■ **EXERCISE DETAILS**:
Reading the records below, count the lines in which the string "force" appears; write the number only.

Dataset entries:
-------------------------
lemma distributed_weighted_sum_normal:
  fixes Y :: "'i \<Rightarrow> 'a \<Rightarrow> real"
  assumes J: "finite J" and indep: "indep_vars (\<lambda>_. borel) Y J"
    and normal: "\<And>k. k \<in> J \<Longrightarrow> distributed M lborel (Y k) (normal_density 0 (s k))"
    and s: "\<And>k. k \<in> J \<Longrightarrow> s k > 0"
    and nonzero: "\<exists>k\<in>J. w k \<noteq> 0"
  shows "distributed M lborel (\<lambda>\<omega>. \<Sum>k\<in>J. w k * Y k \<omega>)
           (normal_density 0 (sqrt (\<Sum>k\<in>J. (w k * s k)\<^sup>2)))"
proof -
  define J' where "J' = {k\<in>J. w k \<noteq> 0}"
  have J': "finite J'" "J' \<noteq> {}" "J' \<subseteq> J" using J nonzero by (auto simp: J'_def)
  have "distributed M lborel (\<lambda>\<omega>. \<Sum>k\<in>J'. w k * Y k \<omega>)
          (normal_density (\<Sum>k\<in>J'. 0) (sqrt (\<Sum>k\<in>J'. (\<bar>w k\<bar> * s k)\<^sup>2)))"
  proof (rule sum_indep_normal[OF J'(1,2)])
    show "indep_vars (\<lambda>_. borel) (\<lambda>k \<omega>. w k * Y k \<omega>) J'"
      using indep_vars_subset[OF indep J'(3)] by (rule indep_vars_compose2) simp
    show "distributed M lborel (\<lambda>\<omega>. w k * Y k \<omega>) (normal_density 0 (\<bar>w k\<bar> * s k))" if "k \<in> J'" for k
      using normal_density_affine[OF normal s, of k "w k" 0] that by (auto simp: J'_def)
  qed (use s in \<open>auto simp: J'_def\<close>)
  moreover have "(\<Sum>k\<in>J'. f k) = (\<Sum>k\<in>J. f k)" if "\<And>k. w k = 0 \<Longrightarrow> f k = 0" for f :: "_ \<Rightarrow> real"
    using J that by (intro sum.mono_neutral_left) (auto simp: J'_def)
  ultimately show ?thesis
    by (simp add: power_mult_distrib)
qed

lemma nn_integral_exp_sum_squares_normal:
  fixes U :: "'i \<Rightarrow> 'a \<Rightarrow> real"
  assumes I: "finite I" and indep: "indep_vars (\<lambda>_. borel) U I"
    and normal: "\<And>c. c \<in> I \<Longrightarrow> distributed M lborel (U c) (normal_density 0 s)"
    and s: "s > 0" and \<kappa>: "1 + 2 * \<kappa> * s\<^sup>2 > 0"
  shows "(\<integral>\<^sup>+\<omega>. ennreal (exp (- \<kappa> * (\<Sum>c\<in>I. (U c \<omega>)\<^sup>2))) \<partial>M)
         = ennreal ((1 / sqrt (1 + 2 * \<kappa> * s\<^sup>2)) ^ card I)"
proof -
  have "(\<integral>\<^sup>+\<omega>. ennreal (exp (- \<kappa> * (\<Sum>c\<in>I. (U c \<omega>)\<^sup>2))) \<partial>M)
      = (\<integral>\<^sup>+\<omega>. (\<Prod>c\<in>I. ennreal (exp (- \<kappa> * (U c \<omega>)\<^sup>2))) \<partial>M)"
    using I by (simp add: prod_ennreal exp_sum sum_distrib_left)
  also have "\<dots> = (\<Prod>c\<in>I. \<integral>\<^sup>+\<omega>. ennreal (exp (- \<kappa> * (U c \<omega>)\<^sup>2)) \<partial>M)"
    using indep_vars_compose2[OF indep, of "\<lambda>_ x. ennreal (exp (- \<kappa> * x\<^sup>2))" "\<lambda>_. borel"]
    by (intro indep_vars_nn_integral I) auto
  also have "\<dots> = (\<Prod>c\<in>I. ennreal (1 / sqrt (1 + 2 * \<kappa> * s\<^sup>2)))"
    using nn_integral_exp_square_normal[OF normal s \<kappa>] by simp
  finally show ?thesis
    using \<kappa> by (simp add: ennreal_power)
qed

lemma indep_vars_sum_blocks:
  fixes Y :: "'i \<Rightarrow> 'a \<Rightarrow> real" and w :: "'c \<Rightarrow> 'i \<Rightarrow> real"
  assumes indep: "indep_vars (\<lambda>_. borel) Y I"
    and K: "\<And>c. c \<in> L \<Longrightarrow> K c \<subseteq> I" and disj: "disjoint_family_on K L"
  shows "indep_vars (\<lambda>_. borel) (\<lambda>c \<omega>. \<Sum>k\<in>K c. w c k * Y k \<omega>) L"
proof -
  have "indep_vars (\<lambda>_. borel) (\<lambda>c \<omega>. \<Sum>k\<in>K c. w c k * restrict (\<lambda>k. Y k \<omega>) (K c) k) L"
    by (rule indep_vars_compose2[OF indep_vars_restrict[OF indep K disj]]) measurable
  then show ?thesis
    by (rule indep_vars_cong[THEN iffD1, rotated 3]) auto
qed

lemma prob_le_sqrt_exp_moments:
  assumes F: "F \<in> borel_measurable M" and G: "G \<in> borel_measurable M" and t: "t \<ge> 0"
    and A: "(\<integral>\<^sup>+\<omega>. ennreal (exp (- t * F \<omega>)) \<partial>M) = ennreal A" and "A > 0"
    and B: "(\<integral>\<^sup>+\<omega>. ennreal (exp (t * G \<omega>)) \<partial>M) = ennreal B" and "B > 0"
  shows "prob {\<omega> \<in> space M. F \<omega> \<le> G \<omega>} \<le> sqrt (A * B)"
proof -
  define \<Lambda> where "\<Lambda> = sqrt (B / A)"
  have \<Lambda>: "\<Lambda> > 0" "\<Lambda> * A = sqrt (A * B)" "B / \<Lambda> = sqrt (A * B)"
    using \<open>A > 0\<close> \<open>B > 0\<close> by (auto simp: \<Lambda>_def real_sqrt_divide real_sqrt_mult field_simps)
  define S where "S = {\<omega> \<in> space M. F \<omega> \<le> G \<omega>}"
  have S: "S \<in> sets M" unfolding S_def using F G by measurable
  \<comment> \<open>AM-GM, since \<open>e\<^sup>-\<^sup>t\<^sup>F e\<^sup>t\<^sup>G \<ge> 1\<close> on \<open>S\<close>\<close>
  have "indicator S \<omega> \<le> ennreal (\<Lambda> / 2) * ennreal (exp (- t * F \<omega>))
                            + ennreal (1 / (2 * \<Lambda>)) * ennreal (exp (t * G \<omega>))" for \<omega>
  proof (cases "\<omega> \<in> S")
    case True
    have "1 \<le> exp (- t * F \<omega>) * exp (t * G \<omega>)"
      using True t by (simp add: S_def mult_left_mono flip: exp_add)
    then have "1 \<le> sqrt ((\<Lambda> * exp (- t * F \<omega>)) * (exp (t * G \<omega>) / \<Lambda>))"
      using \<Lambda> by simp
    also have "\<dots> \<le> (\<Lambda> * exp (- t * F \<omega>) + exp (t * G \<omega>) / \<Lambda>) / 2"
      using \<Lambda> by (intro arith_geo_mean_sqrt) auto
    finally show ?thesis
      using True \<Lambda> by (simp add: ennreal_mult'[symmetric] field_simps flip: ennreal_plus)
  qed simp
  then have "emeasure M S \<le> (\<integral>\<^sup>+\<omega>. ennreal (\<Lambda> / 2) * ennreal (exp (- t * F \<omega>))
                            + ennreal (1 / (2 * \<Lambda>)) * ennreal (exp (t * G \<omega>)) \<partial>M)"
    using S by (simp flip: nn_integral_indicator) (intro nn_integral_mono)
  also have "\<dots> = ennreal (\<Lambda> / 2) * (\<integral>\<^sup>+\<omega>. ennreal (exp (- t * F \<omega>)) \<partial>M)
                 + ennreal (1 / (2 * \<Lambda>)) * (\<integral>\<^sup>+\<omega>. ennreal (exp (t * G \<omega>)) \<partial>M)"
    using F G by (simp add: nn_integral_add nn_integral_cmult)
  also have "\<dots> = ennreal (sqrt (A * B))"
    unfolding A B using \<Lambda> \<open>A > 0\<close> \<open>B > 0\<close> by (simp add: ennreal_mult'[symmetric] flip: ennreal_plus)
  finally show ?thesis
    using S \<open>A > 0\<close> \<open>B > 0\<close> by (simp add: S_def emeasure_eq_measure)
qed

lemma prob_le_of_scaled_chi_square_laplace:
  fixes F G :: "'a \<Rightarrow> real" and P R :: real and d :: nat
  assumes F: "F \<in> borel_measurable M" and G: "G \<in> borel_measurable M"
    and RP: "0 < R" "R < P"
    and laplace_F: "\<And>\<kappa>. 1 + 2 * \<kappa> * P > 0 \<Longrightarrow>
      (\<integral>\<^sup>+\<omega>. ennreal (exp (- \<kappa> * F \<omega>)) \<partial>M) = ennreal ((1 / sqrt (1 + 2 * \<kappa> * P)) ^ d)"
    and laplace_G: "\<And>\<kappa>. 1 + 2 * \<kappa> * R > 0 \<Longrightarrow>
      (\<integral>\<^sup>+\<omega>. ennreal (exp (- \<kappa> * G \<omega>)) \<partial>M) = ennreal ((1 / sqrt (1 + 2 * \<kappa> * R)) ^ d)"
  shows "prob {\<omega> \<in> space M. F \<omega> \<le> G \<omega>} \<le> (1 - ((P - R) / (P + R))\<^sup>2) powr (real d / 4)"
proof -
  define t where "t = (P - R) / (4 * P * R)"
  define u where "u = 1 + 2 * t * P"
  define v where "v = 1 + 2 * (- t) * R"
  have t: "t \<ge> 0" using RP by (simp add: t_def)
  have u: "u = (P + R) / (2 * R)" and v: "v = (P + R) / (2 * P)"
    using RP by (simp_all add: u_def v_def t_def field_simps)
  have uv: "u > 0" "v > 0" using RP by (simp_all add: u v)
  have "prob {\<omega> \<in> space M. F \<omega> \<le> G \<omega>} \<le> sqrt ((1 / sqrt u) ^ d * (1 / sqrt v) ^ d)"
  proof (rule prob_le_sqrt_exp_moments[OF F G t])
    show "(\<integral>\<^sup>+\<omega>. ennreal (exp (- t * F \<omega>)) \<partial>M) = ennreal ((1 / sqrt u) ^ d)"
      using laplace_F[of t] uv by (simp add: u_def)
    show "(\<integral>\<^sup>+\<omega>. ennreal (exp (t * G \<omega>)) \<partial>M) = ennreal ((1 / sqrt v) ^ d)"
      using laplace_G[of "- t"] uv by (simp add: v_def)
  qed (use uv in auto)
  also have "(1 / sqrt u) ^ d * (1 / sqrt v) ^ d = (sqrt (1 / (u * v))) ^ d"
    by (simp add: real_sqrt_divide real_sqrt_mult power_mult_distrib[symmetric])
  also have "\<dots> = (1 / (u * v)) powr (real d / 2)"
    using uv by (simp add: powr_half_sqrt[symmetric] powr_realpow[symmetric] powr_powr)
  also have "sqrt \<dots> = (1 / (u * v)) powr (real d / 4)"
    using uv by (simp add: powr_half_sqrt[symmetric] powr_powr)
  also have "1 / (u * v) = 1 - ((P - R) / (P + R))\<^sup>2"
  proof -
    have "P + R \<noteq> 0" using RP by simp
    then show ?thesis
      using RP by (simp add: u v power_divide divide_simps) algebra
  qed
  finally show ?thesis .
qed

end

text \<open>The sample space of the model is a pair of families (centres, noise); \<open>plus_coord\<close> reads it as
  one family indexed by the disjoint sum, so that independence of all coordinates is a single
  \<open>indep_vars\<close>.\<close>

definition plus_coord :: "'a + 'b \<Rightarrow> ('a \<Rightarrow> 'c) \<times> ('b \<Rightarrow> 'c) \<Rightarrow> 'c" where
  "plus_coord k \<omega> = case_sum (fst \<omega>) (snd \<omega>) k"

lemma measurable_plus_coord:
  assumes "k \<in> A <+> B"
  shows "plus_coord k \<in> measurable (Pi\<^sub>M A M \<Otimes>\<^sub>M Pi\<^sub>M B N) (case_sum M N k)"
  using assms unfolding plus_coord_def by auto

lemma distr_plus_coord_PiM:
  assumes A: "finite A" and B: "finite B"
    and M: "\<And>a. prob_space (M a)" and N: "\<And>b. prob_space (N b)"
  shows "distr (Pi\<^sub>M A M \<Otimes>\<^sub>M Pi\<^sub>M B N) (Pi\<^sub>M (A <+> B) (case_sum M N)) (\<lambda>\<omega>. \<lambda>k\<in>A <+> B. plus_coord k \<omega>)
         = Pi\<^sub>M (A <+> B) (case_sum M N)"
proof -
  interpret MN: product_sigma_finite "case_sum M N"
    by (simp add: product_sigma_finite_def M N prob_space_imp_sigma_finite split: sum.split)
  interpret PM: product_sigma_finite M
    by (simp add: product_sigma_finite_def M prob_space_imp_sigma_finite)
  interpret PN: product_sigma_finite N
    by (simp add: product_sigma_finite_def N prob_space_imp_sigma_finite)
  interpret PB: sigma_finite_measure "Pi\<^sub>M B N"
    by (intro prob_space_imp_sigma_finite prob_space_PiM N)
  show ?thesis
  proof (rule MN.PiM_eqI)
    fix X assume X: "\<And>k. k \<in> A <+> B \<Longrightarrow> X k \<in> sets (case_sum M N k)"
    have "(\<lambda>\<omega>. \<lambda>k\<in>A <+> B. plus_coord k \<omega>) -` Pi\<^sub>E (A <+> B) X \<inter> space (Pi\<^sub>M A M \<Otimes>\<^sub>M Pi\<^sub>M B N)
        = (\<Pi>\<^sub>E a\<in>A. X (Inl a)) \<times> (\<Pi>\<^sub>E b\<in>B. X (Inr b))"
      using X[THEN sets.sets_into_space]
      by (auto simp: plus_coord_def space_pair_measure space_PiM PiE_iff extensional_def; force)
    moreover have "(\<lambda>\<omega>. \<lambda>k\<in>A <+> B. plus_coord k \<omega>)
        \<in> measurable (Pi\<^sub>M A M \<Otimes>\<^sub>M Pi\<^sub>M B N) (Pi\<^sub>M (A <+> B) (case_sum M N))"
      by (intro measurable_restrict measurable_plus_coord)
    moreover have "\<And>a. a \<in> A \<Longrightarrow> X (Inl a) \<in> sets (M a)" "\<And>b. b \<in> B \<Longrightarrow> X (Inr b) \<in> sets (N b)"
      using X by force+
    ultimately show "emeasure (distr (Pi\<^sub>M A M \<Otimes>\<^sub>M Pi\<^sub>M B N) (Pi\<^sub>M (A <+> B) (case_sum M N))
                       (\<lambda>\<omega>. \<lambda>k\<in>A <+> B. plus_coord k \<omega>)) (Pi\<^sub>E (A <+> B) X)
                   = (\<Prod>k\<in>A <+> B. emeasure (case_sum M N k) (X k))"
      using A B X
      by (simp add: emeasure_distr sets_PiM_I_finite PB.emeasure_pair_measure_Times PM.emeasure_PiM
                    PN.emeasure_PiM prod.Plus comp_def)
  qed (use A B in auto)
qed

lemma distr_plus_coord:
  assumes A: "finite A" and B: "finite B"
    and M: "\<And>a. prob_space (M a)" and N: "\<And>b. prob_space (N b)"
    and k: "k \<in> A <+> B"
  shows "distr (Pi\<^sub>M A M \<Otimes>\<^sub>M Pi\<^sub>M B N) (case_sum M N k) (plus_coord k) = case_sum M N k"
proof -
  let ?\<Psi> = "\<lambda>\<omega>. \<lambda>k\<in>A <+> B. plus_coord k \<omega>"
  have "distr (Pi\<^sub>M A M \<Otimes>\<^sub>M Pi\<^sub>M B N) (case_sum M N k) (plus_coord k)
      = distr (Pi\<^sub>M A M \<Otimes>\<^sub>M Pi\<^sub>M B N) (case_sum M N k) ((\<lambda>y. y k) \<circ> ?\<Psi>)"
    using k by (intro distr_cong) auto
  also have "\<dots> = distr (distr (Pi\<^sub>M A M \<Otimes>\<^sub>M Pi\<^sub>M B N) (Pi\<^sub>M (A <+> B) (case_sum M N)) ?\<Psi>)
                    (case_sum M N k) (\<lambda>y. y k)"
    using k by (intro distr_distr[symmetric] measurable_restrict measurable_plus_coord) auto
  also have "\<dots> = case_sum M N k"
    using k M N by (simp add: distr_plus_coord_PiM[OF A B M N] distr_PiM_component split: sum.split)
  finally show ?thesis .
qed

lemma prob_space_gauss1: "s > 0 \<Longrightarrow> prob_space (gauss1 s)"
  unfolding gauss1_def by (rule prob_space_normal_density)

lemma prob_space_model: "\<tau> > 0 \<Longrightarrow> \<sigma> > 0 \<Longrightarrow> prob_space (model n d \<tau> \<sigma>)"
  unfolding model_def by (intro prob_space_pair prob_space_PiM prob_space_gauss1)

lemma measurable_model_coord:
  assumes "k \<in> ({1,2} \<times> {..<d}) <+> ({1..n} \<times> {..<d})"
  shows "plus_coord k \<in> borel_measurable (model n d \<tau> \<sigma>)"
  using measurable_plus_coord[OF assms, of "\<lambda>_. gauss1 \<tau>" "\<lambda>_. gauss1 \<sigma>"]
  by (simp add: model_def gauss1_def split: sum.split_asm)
-------------------------
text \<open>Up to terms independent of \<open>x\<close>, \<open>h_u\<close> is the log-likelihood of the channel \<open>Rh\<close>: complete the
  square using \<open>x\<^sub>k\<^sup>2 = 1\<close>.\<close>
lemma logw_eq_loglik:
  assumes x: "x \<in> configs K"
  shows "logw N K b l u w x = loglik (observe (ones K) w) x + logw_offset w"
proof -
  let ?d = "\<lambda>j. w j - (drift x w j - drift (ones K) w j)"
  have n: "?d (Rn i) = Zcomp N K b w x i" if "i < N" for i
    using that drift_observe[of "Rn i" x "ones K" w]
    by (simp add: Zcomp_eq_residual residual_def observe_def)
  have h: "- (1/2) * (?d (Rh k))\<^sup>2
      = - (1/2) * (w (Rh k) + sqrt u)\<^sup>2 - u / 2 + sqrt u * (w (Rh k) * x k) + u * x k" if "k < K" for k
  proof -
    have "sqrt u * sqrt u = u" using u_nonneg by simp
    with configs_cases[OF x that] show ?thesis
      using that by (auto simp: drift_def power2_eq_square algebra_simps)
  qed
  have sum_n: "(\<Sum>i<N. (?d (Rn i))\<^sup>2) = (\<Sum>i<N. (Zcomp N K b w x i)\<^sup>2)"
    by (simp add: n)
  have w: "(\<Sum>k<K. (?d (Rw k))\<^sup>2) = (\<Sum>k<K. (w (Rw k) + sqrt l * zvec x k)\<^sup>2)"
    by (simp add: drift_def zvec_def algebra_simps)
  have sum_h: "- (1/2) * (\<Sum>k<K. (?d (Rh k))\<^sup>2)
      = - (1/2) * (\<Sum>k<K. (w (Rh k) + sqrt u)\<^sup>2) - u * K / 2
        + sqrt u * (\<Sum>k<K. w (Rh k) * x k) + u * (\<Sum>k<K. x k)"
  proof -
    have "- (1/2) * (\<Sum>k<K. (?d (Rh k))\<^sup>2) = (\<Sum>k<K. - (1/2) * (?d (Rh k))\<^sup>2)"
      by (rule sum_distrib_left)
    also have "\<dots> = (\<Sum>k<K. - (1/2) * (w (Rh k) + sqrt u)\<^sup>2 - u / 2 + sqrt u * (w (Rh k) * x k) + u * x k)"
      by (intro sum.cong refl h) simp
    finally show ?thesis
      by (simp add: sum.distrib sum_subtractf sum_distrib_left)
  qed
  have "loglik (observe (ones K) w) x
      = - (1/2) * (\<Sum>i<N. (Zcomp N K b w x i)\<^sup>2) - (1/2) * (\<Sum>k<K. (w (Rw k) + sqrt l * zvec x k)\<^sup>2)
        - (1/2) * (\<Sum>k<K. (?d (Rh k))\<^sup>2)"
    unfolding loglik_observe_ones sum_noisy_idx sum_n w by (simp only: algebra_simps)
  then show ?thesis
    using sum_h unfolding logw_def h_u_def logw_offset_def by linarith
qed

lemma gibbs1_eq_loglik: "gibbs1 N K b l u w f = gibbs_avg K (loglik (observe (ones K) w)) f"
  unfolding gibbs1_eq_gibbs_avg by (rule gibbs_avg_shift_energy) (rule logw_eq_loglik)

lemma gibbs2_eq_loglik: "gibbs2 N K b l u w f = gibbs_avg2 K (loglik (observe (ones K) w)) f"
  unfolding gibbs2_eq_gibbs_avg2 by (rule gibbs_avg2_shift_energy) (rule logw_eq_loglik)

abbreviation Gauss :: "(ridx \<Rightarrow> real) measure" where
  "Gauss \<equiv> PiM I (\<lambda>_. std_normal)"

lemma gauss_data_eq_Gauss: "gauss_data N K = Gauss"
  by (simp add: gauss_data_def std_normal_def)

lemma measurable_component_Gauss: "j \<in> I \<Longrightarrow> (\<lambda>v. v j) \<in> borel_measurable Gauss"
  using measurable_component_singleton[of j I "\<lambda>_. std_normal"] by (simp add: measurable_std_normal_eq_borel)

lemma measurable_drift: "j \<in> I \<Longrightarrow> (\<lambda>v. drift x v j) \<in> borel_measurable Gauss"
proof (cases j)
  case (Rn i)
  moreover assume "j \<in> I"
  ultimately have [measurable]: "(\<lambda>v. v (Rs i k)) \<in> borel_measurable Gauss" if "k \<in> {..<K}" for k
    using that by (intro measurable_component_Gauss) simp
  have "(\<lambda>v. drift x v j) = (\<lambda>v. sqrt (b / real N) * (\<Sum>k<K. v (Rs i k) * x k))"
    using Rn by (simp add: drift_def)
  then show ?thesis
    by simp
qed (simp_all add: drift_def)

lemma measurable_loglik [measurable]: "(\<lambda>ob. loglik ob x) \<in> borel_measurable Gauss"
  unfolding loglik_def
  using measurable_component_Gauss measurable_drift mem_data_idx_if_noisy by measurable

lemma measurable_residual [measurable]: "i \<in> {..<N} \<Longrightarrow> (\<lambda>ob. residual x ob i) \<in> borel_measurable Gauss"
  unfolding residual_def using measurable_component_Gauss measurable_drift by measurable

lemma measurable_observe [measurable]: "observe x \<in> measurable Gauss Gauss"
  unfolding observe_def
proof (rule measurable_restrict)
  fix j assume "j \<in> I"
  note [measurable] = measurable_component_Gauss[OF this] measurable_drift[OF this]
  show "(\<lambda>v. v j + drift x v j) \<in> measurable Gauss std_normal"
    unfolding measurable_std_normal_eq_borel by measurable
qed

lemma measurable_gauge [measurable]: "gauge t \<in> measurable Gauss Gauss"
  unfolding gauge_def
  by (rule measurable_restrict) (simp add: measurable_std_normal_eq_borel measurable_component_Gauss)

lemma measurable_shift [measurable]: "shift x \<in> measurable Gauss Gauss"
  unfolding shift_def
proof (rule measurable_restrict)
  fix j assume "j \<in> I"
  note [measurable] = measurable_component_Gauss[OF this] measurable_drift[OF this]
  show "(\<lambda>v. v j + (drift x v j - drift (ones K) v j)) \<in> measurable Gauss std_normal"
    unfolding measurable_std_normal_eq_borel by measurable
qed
-------------------------
■ **EXERCISE RESULT**:
2